In The Hull Of The Temple

Deep Listening and Ambient Roosting in The Heart of The City

OtherSide Maps

3 min read

Watching the schoolkids sniffling and coughing their way onto the already crowded bus, as the windows begin to steam up with the shared breath of a hundred strangers, on this freezing November day - I begin to seriously question what the hell we are doing going into the city centre, voluntarily, at school kick out time, during xmas shopper mayhem season.

But here we are.

It's 3.30 pm and already the weak, lemony light is beginning to fade. We will be too late for the birds, well, possibly some night gulls, but that's about it.

We're on a mission to make some ambient recordings for our music and sound art project, wrapped up in scarves and gloves with a loose plan to head to Temple Church, the two of us are feeling less than enthusiastic at this moment in time.

Escaping the intensity of shrieking and crisp packets on to Old Market, it's a relief to breathe some unshared air, but the icy wall of chill that slaps us in the face as we alight really gets me thinking maybe this was a stupid idea.

It's bloody freezing.

With the cacophony of traffic, sirens, shoppers, building sites, workers on their way home and students surging in and out of buses - it's difficult to imagine why we had thought this might be a good plan. There is certainly noise - but is it the right kind of noise? Can ambience be this hectic?

Making our way through the dusky back streets, already beginning to tune in to the sounds around us, I notice an antagonistic sounding monologue close behind and prickle at the perceptible stress that travels further than usual through the crisp, taught air. Car horns beeping, pedestrian crossings bleeping, distant shouts and screeches, the clanging and banging of girders and cranes, generators and industrial vents - it's an orchestra of bustle.

New buildings are springing up everywhere, and even though it wasn't long since I was last here, I struggle to find my way to the Temple gardens, due to the constantly changing layout of streets and new blocks.

The gardens have been completely enclosed by towering structures now - the crooked spire barely visible between the tall office blocks, apartment complexes and hotels. But it is there.

The Temple Church, also known as The Holy Cross Church, or as I like to call it - 'The Temple of The Rose' due to it's extensive, well kept rose gardens - is a ruined church in the Redcliffe area of central Bristol, UK, and is one of my favourite atmospheric zones in town.

Originally a round church of the Knights Templar, it was built on land granted by Robert of Gloucester sometime between 1128 and 1147 - which would make it one of the earliest Knights Templar churches in England - a fact which doesn't seem to be much noted in the local historical literature.

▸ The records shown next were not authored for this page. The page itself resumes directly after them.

definition is_tree :: "'a set \<Rightarrow> 'a set set \<Rightarrow> bool" where
  "is_tree V E \<longleftrightarrow> finite V \<and> V \<noteq> {} \<and> is_graph V E \<and> connected_graph V E
                    \<and> card E + 1 = card V"

definition graph_iso :: "'a set \<Rightarrow> 'a set set \<Rightarrow> 'b set \<Rightarrow> 'b set set \<Rightarrow> bool" where
  "graph_iso V E V' E' \<longleftrightarrow> is_graph V E \<and> is_graph V' E' \<and>
     (\<exists>f. bij_betw f V V' \<and> (\<forall>u\<in>V. \<forall>v\<in>V. {u, v} \<in> E \<longleftrightarrow> {f u, f v} \<in> E'))"

definition nbhd :: "'a set set \<Rightarrow> 'a \<Rightarrow> 'a set" where
  "nbhd E v = {u. {v, u} \<in> E}"

text \<open>Labeled trees of family O. Vertices are naturals; the label function
  gives True for status A and False for status B.\<close>

definition P6_lab :: "nat set \<times> nat set set \<times> (nat \<Rightarrow> bool)" where
  "P6_lab = ({0..5}, {{i, Suc i} | i. i < 5}, (\<lambda>i. i = 2 \<or> i = 3))"

inductive_set famO_lab :: "(nat set \<times> nat set set \<times> (nat \<Rightarrow> bool)) set" where
  base: "P6_lab \<in> famO_lab"
| op1: "\<lbrakk> (V, E, L) \<in> famO_lab; x \<in> V; y \<in> V; z \<in> V; {x, y} \<in> E; {y, z} \<in> E;
          \<not> L x; \<not> L y; L z;
          a \<notin> V; b \<notin> V; c \<notin> V; a \<noteq> b; a \<noteq> c; b \<noteq> c \<rbrakk> \<Longrightarrow>
        (V \<union> {a, b, c}, E \<union> {{z, a}, {a, b}, {b, c}}, L(a := True, b := False, c := False))
          \<in> famO_lab"
| op2: "\<lbrakk> (V, E, L) \<in> famO_lab; x \<in> V; y \<in> V; {x, y} \<in> E; \<not> L x; \<not> L y;
          a \<notin> V; b \<notin> V; c \<notin> V; d \<notin> V; a \<noteq> b; a \<noteq> c; a \<noteq> d; b \<noteq> c; b \<noteq> d; c \<noteq> d \<rbrakk> \<Longrightarrow>
        (V \<union> {a, b, c, d}, E \<union> {{a, b}, {b, c}, {c, d}, {d, x}},
           L(a := False, b := False, c := True, d := True)) \<in> famO_lab"

definition in_famO :: "'a set \<Rightarrow> 'a set set \<Rightarrow> bool" where
  "in_famO V E \<longleftrightarrow> is_tree V E \<and> (\<exists>V' E' L. (V', E', L) \<in> famO_lab \<and> graph_iso V' E' V E)"

datatype 'a sv = Orig 'a | Leaf 'a | Blk 'a "'a set"

definition is_partition :: "'a set set \<Rightarrow> 'a set \<Rightarrow> bool" where
  "is_partition P S \<longleftrightarrow> (\<forall>A\<in>P. A \<noteq> {} \<and> A \<subseteq> S) \<and> (\<forall>x\<in>S. \<exists>!A. A \<in> P \<and> x \<in> A)"

definition subdiv_V :: "'a set \<Rightarrow> ('a \<Rightarrow> 'a set set) \<Rightarrow> 'a sv set" where
  "subdiv_V V P = Orig ` V \<union> Leaf ` V \<union> {Blk v A | v A. v \<in> V \<and> A \<in> P v}"

definition subdiv_E :: "'a set \<Rightarrow> 'a set set \<Rightarrow> ('a \<Rightarrow> 'a set set) \<Rightarrow> 'a sv set set" where
  "subdiv_E V E P =
     {{Orig v, Leaf v} | v. v \<in> V}
   \<union> {{Orig v, Blk v A} | v A. v \<in> V \<and> A \<in> P v}
   \<union> {{Blk u A, Blk v B} | u v A B. {u, v} \<in> E \<and> A \<in> P u \<and> B \<in> P v \<and> v \<in> A \<and> u \<in> B}"

definition in_famO' :: "'a set \<Rightarrow> 'a set set \<Rightarrow> bool" where
  "in_famO' V E \<longleftrightarrow> is_tree V E \<and>
     (\<exists>(T :: nat set) ET P. is_tree T ET \<and> card T \<ge> 2 \<and>
        (\<forall>v\<in>T. is_partition (P v) (nbhd ET v)) \<and>
        graph_iso (subdiv_V T P) (subdiv_E T ET P) V E)"

definition P10_V :: "nat set" where "P10_V = {0..9}"
definition P10_E :: "nat set set" where "P10_E = {{i, Suc i} | i. i < 9}"

end

theory Submission
  imports Defs
begin

text \<open>
  Removing a leaf w of T with neighbour v, and deleting w from the block A of P(v) containing it
  (dropping the block if it becomes empty), gives a smaller instance T'(P'). Renaming the block vertex
  (v, A - {w}) of T'(P') back to (v, A) embeds T'(P') into T(P), and the vertices left over form the
  pendant path (w,{v}) - w - (w,1) hanging at (v, A), together with (v, A) itself when A = {w}.
  Give block vertices status A and all others status B. If A \<noteq> {w} the pendant path is added by
  operation O1 at the path (v,1) - v - (v, A); if A = {w} the path (w,1) - w - (w,{v}) - (v,A) is
  added by operation O2 at the edge v - (v,1). Induction on |T|, starting from T(P) = P6 for |T| = 2,
  puts every T(P) into O; the vertices v, (v,1), (v,A) are encoded as Orig v, Leaf v, Blk v A.

  Conversely, the leaves of T(P) are exactly the vertices (v,1). Since P10 has only two leaves,
  P10 = T(P) forces |T| = 2 and hence |T(P)| = 6. One O2 step turns P6 into P10.
\<close>

section \<open>Graphs and trees\<close>

lemma is_graph_edgeD:
  assumes "is_graph V E" "{p, q} \<in> E"
  shows "p \<noteq> q \<and> p \<in> V \<and> q \<in> V"
  using assms unfolding is_graph_def by (auto simp: doubleton_eq_iff)

lemma is_graph_finite_edges:
  assumes "is_graph V E" "finite V"
  shows "finite E"
proof -
  have "E \<subseteq> Pow V"
  proof
    fix e assume "e \<in> E"
    then obtain u v where "u \<in> V" "v \<in> V" "e = {u, v}"
      using assms(1) unfolding is_graph_def by blast
    then show "e \<in> Pow V" by simp
  qed
  then show ?thesis using assms(2) by (meson finite_Pow_iff finite_subset)
qed

lemma is_graph_insert_edge:
  "is_graph V E \<Longrightarrow> u \<noteq> v \<Longrightarrow> u \<in> V \<Longrightarrow> v \<in> V \<Longrightarrow> is_graph V (insert {u, v} E)"
  unfolding is_graph_def by (intro ballI) (metis insertE)

lemma is_graph_empty: "is_graph V {}"
  unfolding is_graph_def by simp

lemma is_graph_mono_vertices: "is_graph V E \<Longrightarrow> V \<subseteq> W \<Longrightarrow> is_graph W E"
  unfolding is_graph_def by (meson subsetD)

lemma nbhd_subset:
  assumes "is_graph V E"
  shows "nbhd E x \<subseteq> V - {x}"
proof
  fix y assume "y \<in> nbhd E x"
  then show "y \<in> V - {x}" using is_graph_edgeD[OF assms, of x y] unfolding nbhd_def by auto
qed

lemma nbhd_sym: "y \<in> nbhd E x \<longleftrightarrow> x \<in> nbhd E y"
  unfolding nbhd_def by (simp add: insert_commute)

lemma incident_edges_eq_image_nbhd:
  assumes "is_graph V E"
  shows "{e \<in> E. x \<in> e} = (\<lambda>y. {x, y}) ` nbhd E x"
proof (intro equalityI subsetI)
  fix e assume e: "e \<in> {e \<in> E. x \<in> e}"
  then obtain p q where pq: "e = {p, q}"
    using assms unfolding is_graph_def by blast
  then obtain y where "e = {x, y}"
    using e by (metis doubleton_eq_iff insertE mem_Collect_eq singletonD)
  then show "e \<in> (\<lambda>y. {x, y}) ` nbhd E x"
    using e unfolding nbhd_def by blast
qed (auto simp: nbhd_def)

lemma card_incident_edges:
  assumes "is_graph V E"
  shows "card {e \<in> E. x \<in> e} = card (nbhd E x)"
proof -
  have "inj_on (\<lambda>y. {x, y}) (nbhd E x)"
    by (rule inj_onI) (auto simp: doubleton_eq_iff)
  then have "card ((\<lambda>y. {x, y}) ` nbhd E x) = card (nbhd E x)"
    by (rule card_image)
  then show ?thesis
    by (simp only: incident_edges_eq_image_nbhd[OF assms])
qed

lemma handshake:
  assumes "is_graph V E" "finite V"
  shows "(\<Sum>x\<in>V. card (nbhd E x)) = 2 * card E"
proof -
  have fin: "finite E" using is_graph_finite_edges[OF assms] .
  have "(\<Sum>x\<in>V. card (nbhd E x)) = (\<Sum>x\<in>V. \<Sum>e\<in>E. if x \<in> e then 1 else 0)"
    using card_incident_edges[OF assms(1)] sum.inter_filter[OF fin, of "\<lambda>_. 1::nat"]
    by (intro sum.cong) auto
  also have "\<dots> = (\<Sum>e\<in>E. \<Sum>x\<in>V. if x \<in> e then 1 else 0)"
    by (rule sum.swap)
  also have "\<dots> = (\<Sum>e\<in>E. 2)"
  proof (rule sum.cong)
    fix e assume "e \<in> E"
    then obtain u v where uv: "u \<noteq> v" "u \<in> V" "v \<in> V" "e = {u, v}"
      using assms(1) unfolding is_graph_def by blast
    then have "{x \<in> V. x \<in> e} = {u, v}" by auto
    then show "(\<Sum>x\<in>V. if x \<in> e then 1 else 0) = (2::nat)"
      using sum.inter_filter[OF assms(2), of "\<lambda>_. 1::nat" "\<lambda>x. x \<in> e"] uv(1) by simp
  qed simp
  finally show ?thesis by simp
qed

lemma connected_graph_nbhd_nonempty:
  assumes "connected_graph V E" "x \<in> V" "u \<in> V" "u \<noteq> x"
  shows "nbhd E x \<noteq> {}"
proof -
  have "(x, u) \<in> {(a, b). {a, b} \<in> E}\<^sup>*"
    using assms unfolding connected_graph_def by blast
  then obtain y where "{x, y} \<in> E"
    using assms(4) by (auto elim: converse_rtranclE)
  then show ?thesis unfolding nbhd_def by blast
qed

lemma tree_has_leaf:
  assumes tree: "is_tree T ET" and two: "card T \<ge> 2"
  obtains w v where "w \<in> T" "v \<in> T" "v \<noteq> w" "nbhd ET w = {v}"
proof -
  have fin: "finite T" and g: "is_graph T ET" and con: "connected_graph T ET"
    and edges: "card ET + 1 = card T"
    using tree unfolding is_tree_def by auto
  have "\<exists>w\<in>T. card (nbhd ET w) < 2"
  proof (rule ccontr)
    assume "\<not> ?thesis"
    then have "(\<Sum>x\<in>T. 2) \<le> (\<Sum>x\<in>T. card (nbhd ET x))"
      by (intro sum_mono) (simp add: not_less)
    then show False using handshake[OF g fin] edges by simp
  qed
  then obtain w where w: "w \<in> T" "card (nbhd ET w) < 2" by blast
  obtain u where "u \<in> T" "u \<noteq> w"
    using two w(1) by (metis card_le_Suc0_iff_eq fin not_less_eq_eq numeral_2_eq_2)
  then have "nbhd ET w \<noteq> {}" using connected_graph_nbhd_nonempty[OF con w(1)] by blast
  moreover have "finite (nbhd ET w)"
    using nbhd_subset[OF g] fin finite_subset by blast
  ultimately have "card (nbhd ET w) = 1"
    using w(2) by (simp add: card_gt_0_iff less_2_cases_iff)
  then obtain v where "nbhd ET w = {v}" by (rule card_1_singletonE)
  moreover have "v \<in> T - {w}" using nbhd_subset[OF g, of w] calculation by blast
  ultimately show ?thesis using that w(1) by blast
qed

lemma leaf_edge_iff:
  assumes "nbhd E w = {v}"
  shows "{x, w} \<in> E \<longleftrightarrow> x = v"
proof -
  have "{x, w} \<in> E \<longleftrightarrow> x \<in> nbhd E w" unfolding nbhd_def by (simp add: insert_commute)
  then show ?thesis using assms by simp
qed

lemma is_graph_remove_leaf:
  assumes g: "is_graph T ET" and leaf: "nbhd ET w = {v}"
  shows "is_graph (T - {w}) (ET - {{v, w}})"
  unfolding is_graph_def
proof
  fix e assume e: "e \<in> ET - {{v, w}}"
  then obtain p q where pq: "p \<noteq> q" "p \<in> T" "q \<in> T" "e = {p, q}"
    using g unfolding is_graph_def by blast
  have "w \<notin> e"
  proof
    assume "w \<in> e"
    then have "e = {p, w} \<or> e = {q, w}" using pq(4) by auto
    then show False using e leaf_edge_iff[OF leaf, of p] leaf_edge_iff[OF leaf, of q] by auto
  qed
  then show "\<exists>p q. p \<noteq> q \<and> p \<in> T - {w} \<and> q \<in> T - {w} \<and> e = {p, q}"
    using pq by blast
qed

lemma connected_graph_remove_leaf:
  assumes con: "connected_graph T ET" and leaf: "nbhd ET w = {v}" and "v \<noteq> w"
  shows "connected_graph (T - {w}) (ET - {{v, w}})"
proof -
  let ?R = "{(a, b). {a, b} \<in> ET}" and ?R' = "{(a, b). {a, b} \<in> ET - {{v, w}}}"
  \<comment> \<open>a walk from x \<noteq> w is shortcut by stopping at v instead of stepping onto the leaf w\<close>
  have walk: "(x, if y = w then v else y) \<in> ?R'\<^sup>*" if "(x, y) \<in> ?R\<^sup>*" "x \<noteq> w" for x y
    using that(1)
  proof (induction rule: rtrancl_induct)
    case base then show ?case using that(2) by simp
  next
    case (step y z)
    have yz: "{y, z} \<in> ET" using step(2) by simp
    consider "z = w" | "y = w" | "y \<noteq> w" "z \<noteq> w" by blast
    then show ?case
    proof cases
      case 1
      then have "y = v" using yz leaf_edge_iff[OF leaf] by simp
      then show ?thesis using step.IH 1 \<open>v \<noteq> w\<close> by simp
    next
      case 2
      then have "z = v" using yz leaf_edge_iff[OF leaf, of z] by (simp add: insert_commute)
      then show ?thesis using step.IH 2 \<open>v \<noteq> w\<close> by simp
    next
      case 3
      then have "(y, z) \<in> ?R'" using yz by (auto simp: doubleton_eq_iff)
      then show ?thesis using step.IH 3 by (simp add: rtrancl_into_rtrancl)
    qed
  qed
  show ?thesis
    unfolding connected_graph_def
  proof (intro ballI)
    fix x y assume "x \<in> T - {w}" "y \<in> T - {w}"
    then show "(x, y) \<in> ?R'\<^sup>*"
      using walk[of x y] con unfolding connected_graph_def by auto
  qed
qed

Although only the remains of the later square church are now standing, the footprint of the original round Templar church is marked out within the ruins, and extensive renovations have been recently completed in order to make the space safely accessible to the public.,_Bristol

It is an atmospheric site for many reasons, but a major aspect of it's ambience may be a modern phenomenon. Who knows what it sounded like here a thousand years ago? But now, with the flanking of the gardens by tall concrete edifices all around, it has the strangest acoustic properties, which are immediately apparent as soon as you pass through the gates.

We intuitively make our way over to a bench in an area where the sound feels the most interesting, and set up the mic.

As soon as the Record button is hit, everything changes. Forced into silence and aware of what the mic is gathering - the chaotic sounds and random noises begin to sing a previously unheard song, as though the act of listening itself affects the composition.

Gulls move overhead from East to West and their calls bark back in a perfect delay as they go.

The clangs of girders so perfectly reverberated they become resonant in the cold air, build up barely audible tones and infrasounds which amalgamate into symphonies with distant buses and trains.

A helicopter purrs through the hum and it's vibrations swirl around the amphitheatre in subtle repeats.

Starlings begin to arrive in the tree behind us, rustling and squeaking, and the sounds of lorries braking in the distance send deep bellowing cries through the ascending swooshes and splashes of passing traffic in full 360 surround sound.

When we listen to the recording later - it sounds like being inside the hull of a giant ship, or perhaps in an enormous dockyards warehouse. You would never guess where it was actually recorded. But we're looking forward to incorporating some of it into our later work.